Loc-Bench: Issue → Code, Nothing Self-Annotated
The curated benchmark is annotated by us. A fair question: are the queries too friendly to our own tool? 0.18.0 ships a second harness that removes us from the loop entirely.
benchmark/locbench.py evaluates Octocode on Loc-Bench V1 (czlll/Loc-Bench_V1): 560 real GitHub issues from popular Python repos. The query is the original issue text. The ground truth is the set of files and functions the real merged fix actually edited (the dataset's curated edit_functions field). Nothing is self-annotated — it's the industry "given a bug report, find the code to change" task.

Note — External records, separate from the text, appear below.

(* Let $A$ be a countable set, $\phi:\mathcal{X}_-\to\mathbb{R}$ a potential, and $(M_n)_{n\ge1}$ a strictly increasing sequence of natural numbers with $M_1=1$. Let $x,y\in\mathcal{X}_-$ and let $\mu,\nu\in\mathcal{P}(\phi)$ with $\mu[\eta_{-\infty}^0\in\cdot\,]=\delta_x$ and $\nu[\eta_{-\infty}^0\in\cdot\,]=\delta_y$. Then for all $n\ge1$, $0\le k\le n-1$ and all $a,b,c\in\mathcal{X}$, letting $w^{(b)}$ (resp. $w^{(c)}$) be the word $(w_1,\dots,w_{M_n-1})$ with $w_j=a_j$ for $M_{n-k}\le j\le M_n-1$ and $w_j=b_j$ (resp. $w_j=c_j$) for $1\le j<M_{n-k}$, \[ D_{\mathrm{KL}}\Big(\mu\big[\eta_{M_n}^{M_{n+1}-1}\in\cdot\mid \eta_1^{M_n-1}=w^{(b)}\big]\,\Big\|\,\nu\big[\eta_{M_n}^{M_{n+1}-1}\in\cdot\mid\eta_1^{M_n-1}=w^{(c)}\big]\Big)\le \sum_{j=M_n}^{M_{n+1}-1}\chi^2_{j-M_{n-k}}(\phi). \]
   Context: $\mathcal{X}=A^{\mathbb{Z}}$, $\mathcal{X}_-=A^{\{0,-1,-2,\dots\}}$. For $a\in A$, $x\in\mathcal{X}_-$, $ax\in\mathcal{X}_-$ is the sequence $w$ with $w_0=a$, $w_{-m-1}=x_{-m}$ ($m\ge0$); for $b\in A$, $z\in\mathcal{X}$, $k\ge0$, $x\in\mathcal{X}_-$, $bz_{-k}^{-1}x$ is the sequence $w\in\mathcal{X}_-$ with $w_0=b$, $w_{-j}=z_{-j}$ ($1\le j\le k$), $w_{-k-1-m}=x_{-m}$ ($m\ge0$) (for $k=0$ this is $bx$). A potential is a measurable $\phi:\mathcal{X}_-\to\mathbb{R}$ with $\sum_{a\in A}e^{\phi(ax)}=1$ for all $x$. For $k\ge0$, $\chi^2_k(\phi)=\sup_{z\in\mathcal{X}}\sup_{x,y\in\mathcal{X}_-}\sum_{b\in A}\big(e^{\phi(bz_{-k}^{-1}x)}-e^{\phi(bz_{-k}^{-1}y)}\big)^2/e^{\phi(bz_{-k}^{-1}y)}$ (possibly $+\infty$). $\eta_n(x)=x_n$ on $\mathcal{X}$; $\eta_{-\infty}^n\in\mathcal{X}_-$ has coordinate $\eta_{n-m}$ at $-m$; $\eta_i^j=(\eta_i,\dots,\eta_j)$. A probability $\mu$ on $\mathcal{X}$ is compatible with $\phi$ if for all $n\ge0$, $a\in A$: $\mu[\eta_{n+1}=a\mid\eta_{-\infty}^n]=e^{\phi(a\,\eta_{-\infty}^n)}$ $\mu$-a.s.; $\mathcal{P}(\phi)$ is the set of such measures. For $\mu$ with $\mu[\eta_{-\infty}^0\in\cdot]=\delta_x$, the conditional law of the block $\eta_{m}^{m'}$ given $\eta_1^{m-1}=(w_1,\dots,w_{m-1})$ is the probability on $A^{m'-m+1}$ giving $(u_m,\dots,u_{m'})$ mass $\prod_{i=m}^{m'}e^{\phi(v^{(i)})}$, where $v^{(i)}\in\mathcal{X}_-$ has coordinates $u_i,u_{i-1},\dots,u_m,w_{m-1},\dots,w_1,x_0,x_{-1},\dots$ at positions $0,-1,-2,\dots$. $D_{\mathrm{KL}}(P\|Q)=\sum_yP(y)\ln(P(y)/Q(y))$. *)

theory Defs
  imports "HOL-Probability.Probability"
begin

text \<open>X = A^Z is modelled as int => 'a; X_- = A^{0,-1,-2,...} as nat => 'a,
  where (x :: nat => 'a) m is the coordinate at position -m.
  A countable set A is the countable type 'a, with the discrete sigma-algebra.\<close>

definition XM :: "(int \<Rightarrow> 'a) measure" where
  "XM = PiM UNIV (\<lambda>_. count_space UNIV)"

definition XmM :: "(nat \<Rightarrow> 'a) measure" where
  "XmM = PiM UNIV (\<lambda>_. count_space UNIV)"

definition cons_past :: "'a \<Rightarrow> (nat \<Rightarrow> 'a) \<Rightarrow> (nat \<Rightarrow> 'a)" where
  "cons_past a x = (\<lambda>j. if j = 0 then a else x (j - 1))"

definition block_past :: "'a \<Rightarrow> (int \<Rightarrow> 'a) \<Rightarrow> nat \<Rightarrow> (nat \<Rightarrow> 'a) \<Rightarrow> (nat \<Rightarrow> 'a)" where
  "block_past b z k x = (\<lambda>j. if j = 0 then b else if j \<le> k then z (- int j) else x (j - k - 1))"

definition potential :: "((nat \<Rightarrow> 'a::countable) \<Rightarrow> real) \<Rightarrow> bool" where
  "potential \<phi> \<longleftrightarrow> \<phi> \<in> borel_measurable XmM \<and>
     (\<forall>x. ((\<lambda>a. exp (\<phi> (cons_past a x))) has_sum 1) UNIV)"

definition chi2 :: "((nat \<Rightarrow> 'a::countable) \<Rightarrow> real) \<Rightarrow> nat \<Rightarrow> ennreal" where
  "chi2 \<phi> k = (SUP z \<in> UNIV. SUP x \<in> UNIV. SUP y \<in> UNIV.
      (\<Sum>\<^sub>\<infinity> b. ennreal ((exp (\<phi> (block_past b z k x)) - exp (\<phi> (block_past b z k y)))\<^sup>2
                        / exp (\<phi> (block_past b z k y)))))"

definition past :: "int \<Rightarrow> (int \<Rightarrow> 'a) \<Rightarrow> (nat \<Rightarrow> 'a)" where
  "past n \<omega> = (\<lambda>m. \<omega> (n - int m))"

definition compatible_with :: "((nat \<Rightarrow> 'a::countable) \<Rightarrow> real) \<Rightarrow> (int \<Rightarrow> 'a) measure \<Rightarrow> bool" where
  "compatible_with \<phi> \<mu> \<longleftrightarrow> prob_space \<mu> \<and> sets \<mu> = sets XM \<and>
     (\<forall>(n::nat) a. AE \<omega> in \<mu>.
        real_cond_exp \<mu> (vimage_algebra (space \<mu>) (past (int n)) XmM)
          (indicator {\<omega>. \<omega> (int n + 1) = a}) \<omega> = exp (\<phi> (cons_past a (past (int n) \<omega>))))"

text \<open>Sequence in X_- obtained by writing the finite word s (s ! 0 earliest, last s at position 0)
  in front of the past x.\<close>
definition prepend :: "'a list \<Rightarrow> (nat \<Rightarrow> 'a) \<Rightarrow> (nat \<Rightarrow> 'a)" where
  "prepend s x = (\<lambda>j. if j < length s then rev s ! j else x (j - length s))"

text \<open>Conditional law (given the past x at time 0) of the block eta_m^{m'} given
  eta_1^{m-1} = (w 1, ..., w (m-1)); a block (u_m, ..., u_{m'}) is the list u with u ! t = u_{m+t}.\<close>
definition cond_block_law :: "((nat \<Rightarrow> 'a) \<Rightarrow> real) \<Rightarrow> (nat \<Rightarrow> 'a) \<Rightarrow> nat \<Rightarrow> (nat \<Rightarrow> 'a) \<Rightarrow> 'a list \<Rightarrow> real" where
  "cond_block_law \<phi> x m w u =
     (\<Prod>t<length u. exp (\<phi> (prepend (map w [1..<m] @ take (Suc t) u) x)))"

text \<open>D_KL(P||Q) = sum_{y in S} P(y) ln(P(y)/Q(y)), with values in extended reals:
  +infinity if P(y) > 0 = Q(y) for some y, otherwise the (well-defined) difference of the
  sums of the positive and of the negative parts of the terms (0 ln(0/q) = 0).\<close>
definition KL :: "('b \<Rightarrow> real) \<Rightarrow> ('b \<Rightarrow> real) \<Rightarrow> 'b set \<Rightarrow> ereal" where
  "KL P Q S = (if \<exists>y\<in>S. P y > 0 \<and> Q y = 0 then \<infinity> else
     enn2ereal (\<Sum>\<^sub>\<infinity> y\<in>S. ennreal (P y * ln (P y / Q y)))
     - enn2ereal (\<Sum>\<^sub>\<infinity> y\<in>S. ennreal (- (P y * ln (P y / Q y)))))"

end

theory Submission
  imports Defs
begin

text \<open>Let \<open>g p q = p ln (p/q) - p + q \<ge> 0\<close>. For probability vectors \<open>P, Q\<close> the sum of
  \<open>g (P y) (Q y)\<close> is \<open>D_KL(P\<parallel>Q)\<close>, and \<open>g\<close> obeys a chain rule: for product laws
  \<open>p v \<cdot> P\<^sub>v u\<close> and \<open>q v \<cdot> Q\<^sub>v u\<close> the total is \<open>\<Sum>\<^sub>v p v \<cdot> \<Sum>\<^sub>u g (P\<^sub>v u) (Q\<^sub>v u) + \<Sum>\<^sub>v g (p v) (q v)\<close>.
  The conditional block laws are products of the one-step kernels \<open>exp \<phi>\<close>, so by induction on
  the block length their divergence is at most the sum of the one-step terms. Since
  \<open>g p q \<le> (p - q)\<^sup>2 / q\<close>, the \<open>t\<close>-th of these is at most \<open>\<chi>\<^sup>2\<close> of order \<open>d + t\<close>, where
  \<open>d = M n - M (n - k)\<close> is the number of most recent symbols on which the two conditioning
  pasts agree.\<close>

lemma has_sum_ennreal:
  assumes "(f has_sum s) S" "\<And>x. x \<in> S \<Longrightarrow> f x \<ge> 0"
  shows "((\<lambda>x. ennreal (f x)) has_sum ennreal s) S"
proof -
  have "((ennreal \<circ> f) has_sum ennreal s) S"
  proof (rule has_sum_comm_additive_general)
    fix F assume "finite F" "F \<subseteq> S"
    then show "sum (ennreal \<circ> f) F = ennreal (sum f F)"
      using assms(2) by (subst sum_ennreal[symmetric]) auto
  next
    show "ennreal \<midarrow>s\<rightarrow> ennreal s"
      using isCont_ennreal[of s] by (simp add: isCont_def)
  qed (fact assms(1))
  then show ?thesis by (simp add: comp_def)
qed

lemma has_sum_le_if_ennreal_infsum_le:
  fixes f :: "'b \<Rightarrow> real"
  assumes le: "(\<Sum>\<^sub>\<infinity>x\<in>S. ennreal (f x)) \<le> c" and fin: "c \<noteq> \<top>"
    and nonneg: "\<And>x. x \<in> S \<Longrightarrow> f x \<ge> 0"
  obtains s where "(f has_sum s) S" "s \<le> enn2real c"
proof -
  have partial: "sum f F \<le> enn2real c" if "finite F" "F \<subseteq> S" for F
  proof -
    have "ennreal (sum f F) = (\<Sum>x\<in>F. ennreal (f x))"
      using that nonneg by (subst sum_ennreal) auto
    also have "\<dots> \<le> (\<Sum>\<^sub>\<infinity>x\<in>S. ennreal (f x))"
      using that by (subst nonneg_infsum_complete) (auto intro: SUP_upper)
    finally have "enn2real (ennreal (sum f F)) \<le> enn2real c"
      using le fin by (intro enn2real_mono) (auto simp: top.not_eq_extremum)
    then show ?thesis
      using that nonneg by (simp add: sum_nonneg subset_eq)
  qed
  have "f summable_on S"
    using nonneg partial by (intro nonneg_bdd_above_summable_on bdd_aboveI) auto
  then show thesis
    using partial by (intro that[of "infsum f S"] has_sum_infsum infsum_le_finite_sums)
qed

lemma enn2ereal_infsum_pos_part_minus_neg_part:
  fixes h :: "'b \<Rightarrow> real"
  assumes h: "(h has_sum K) S"
  shows "enn2ereal (\<Sum>\<^sub>\<infinity>y\<in>S. ennreal (h y)) - enn2ereal (\<Sum>\<^sub>\<infinity>y\<in>S. ennreal (- h y)) = ereal K"
proof -
  have "(\<lambda>y. norm (h y)) summable_on S"
    using h summable_on_iff_abs_summable_on_real by (blast dest: has_sum_imp_summable)
  then have "(\<lambda>y. max 0 (h y)) summable_on S" "(\<lambda>y. max 0 (- h y)) summable_on S"
    by (auto intro: summable_on_comparison_test)
  then obtain A_pos A_neg where pos: "((\<lambda>y. max 0 (h y)) has_sum A_pos) S"
    and neg: "((\<lambda>y. max 0 (- h y)) has_sum A_neg) S"
    by (auto simp: summable_on_def)
  have "((\<lambda>y. max 0 (h y) + - max 0 (- h y)) has_sum A_pos + - A_neg) S"
    by (intro has_sum_add has_sum_uminusI pos neg)
  moreover have "(\<lambda>y. max 0 (h y) + - max 0 (- h y)) = h"
    by (auto simp: fun_eq_iff max_def)
  ultimately have "(h has_sum A_pos - A_neg) S"
    by simp
  then have "A_pos - A_neg = K"
    using h by (rule has_sum_unique)
  moreover have "(\<Sum>\<^sub>\<infinity>y\<in>S. ennreal (h y)) = ennreal A_pos" "(\<Sum>\<^sub>\<infinity>y\<in>S. ennreal (- h y)) = ennreal A_neg"
    using has_sum_ennreal[OF pos] has_sum_ennreal[OF neg] by (auto simp: infsumI)
  moreover have "A_pos \<ge> 0" "A_neg \<ge> 0"
    using pos neg by (auto intro: has_sum_nonneg)
  ultimately show ?thesis
    by simp
qed

lemma has_sum_lists_Suc_iff:
  "(f has_sum s) {u. length u = Suc L} \<longleftrightarrow>
     ((\<lambda>(v, u). f (v # u)) has_sum s) (UNIV \<times> {u. length u = L})"
proof -
  let ?cons = "\<lambda>(v, u). v # u"
  have "{u. length u = Suc L} = ?cons ` (UNIV \<times> {u. length u = L})"
    by (auto simp: length_Suc_conv image_iff)
  moreover have "inj_on ?cons (UNIV \<times> {u. length u = L})"
    by (auto simp: inj_on_def)
  moreover have "f \<circ> ?cons = (\<lambda>(v, u). f (v # u))"
    by (auto simp: fun_eq_iff)
  ultimately show ?thesis
    by (metis has_sum_reindex)
qed

definition gen_kl :: "real \<Rightarrow> real \<Rightarrow> real" where
  "gen_kl p q = p * ln (p / q) - p + q"

lemma gen_kl_nonneg:
  assumes "p > 0" "q > 0"
  shows "gen_kl p q \<ge> 0"
proof -
  have "p * ln (q / p) \<le> p * (q / p - 1)"
    using assms by (intro mult_left_mono ln_le_minus_one) auto
  moreover have "p * (q / p - 1) = q - p" "ln (p / q) = - ln (q / p)"
    using assms by (simp_all add: field_simps ln_div)
  ultimately show ?thesis
    by (simp add: gen_kl_def)
qed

Per instance, the harness clones the repo (blobless, cached), checks out the base commit, runs octocode index, searches with the issue text, and scores the retrieved files against the real fix — at both file level (hit@k, recall@k, MRR, accuracy) and hunk level (did a retrieved result overlap the lines the patch actually touched?), broken down by issue category:
python3 benchmark/locbench.py --limit 10 --verbose # smoke test
python3 benchmark/locbench.py # full 560
python3 benchmark/locbench.py --category "Bug Report"
This is a measurement tool, not a leaderboard claim — it's there so you can run real-world issue localization on your own hardware and models, and so every future change to Octocode can be measured against a benchmark we didn't write.
The Variant Matrix
score.py measures one configuration. run_matrix.py sweeps several over one shared index — so the only thing changing between rows is search-time parameters, not the corpus or the embeddings. It writes a comparison table to RESULTS.md (and raw RESULTS.json), and accumulates across runs so a focused re-run merges into the existing table.
# Pin the corpus to the ground-truth commit first — or the line ranges drift
git worktree add /tmp/corpus b1771ba
# Full local matrix (fastembed, no API key): vector-only vs hybrid weight sweep
CORPUS=/tmp/corpus python3 benchmark/run_matrix.py
# Add a local cross-encoder reranker (still no key) — reuses the same index
CORPUS=/tmp/corpus SKIP_INDEX=1 ONLY=rerank \
RERANK_MODEL=fastembed:bge-reranker-base python3 benchmark/run_matrix.py
Variants: vector_only, hybrid_70_30 (default weights), hybrid_30_70 (keyword-tilted), +graph (GraphRAG expansion), and +rerank (cross-encoder). If you set VOYAGE_API_KEY, the paid code-aware reranker variants enable automatically — that's how you find the real ceiling above the local floor.
Everything Else
MCP registry metadata and server schema updated. Keeps Octocode's published MCP server descriptor in step with the actual tool surface, so registries and clients see the right schema. Plus the usual dependency and tooling housekeeping — no behavior change.
Upgrade
# Homebrew
brew upgrade muvon/tap/octocode
# Universal installer
curl -fsSL https://raw.githubusercontent.com/Muvon/octocode/master/install.sh | sh
# Cargo
cargo install octocode --version 0.18.0
Nothing in this release changes your index or config — upgrading is safe, and your existing setup keeps working. Two things to try:
- Tilt your fusion weights toward keyword. If you search code more than prose, the benchmark says keyword-led RRF is a free accuracy win. Measure it on your repo.
- Run the benchmark. Clone Octocode, pin the corpus, and run
run_matrix.pyagainst your own embedding model and reranker. The numbers above are a local floor — find your own ceiling.
To try GraphRAG expansion, enable [graphrag], set search.graph_expansion = true, pair it with a code-aware reranker, and A/B it against your baseline before keeping it on.
Octocode is open source (Apache 2.0) at github.com/Muvon/octocode — benchmark, ground truth, and raw results included. It's the code-search engine behind Octomind, and now its retrieval quality is something you can measure yourself, not just take our word for.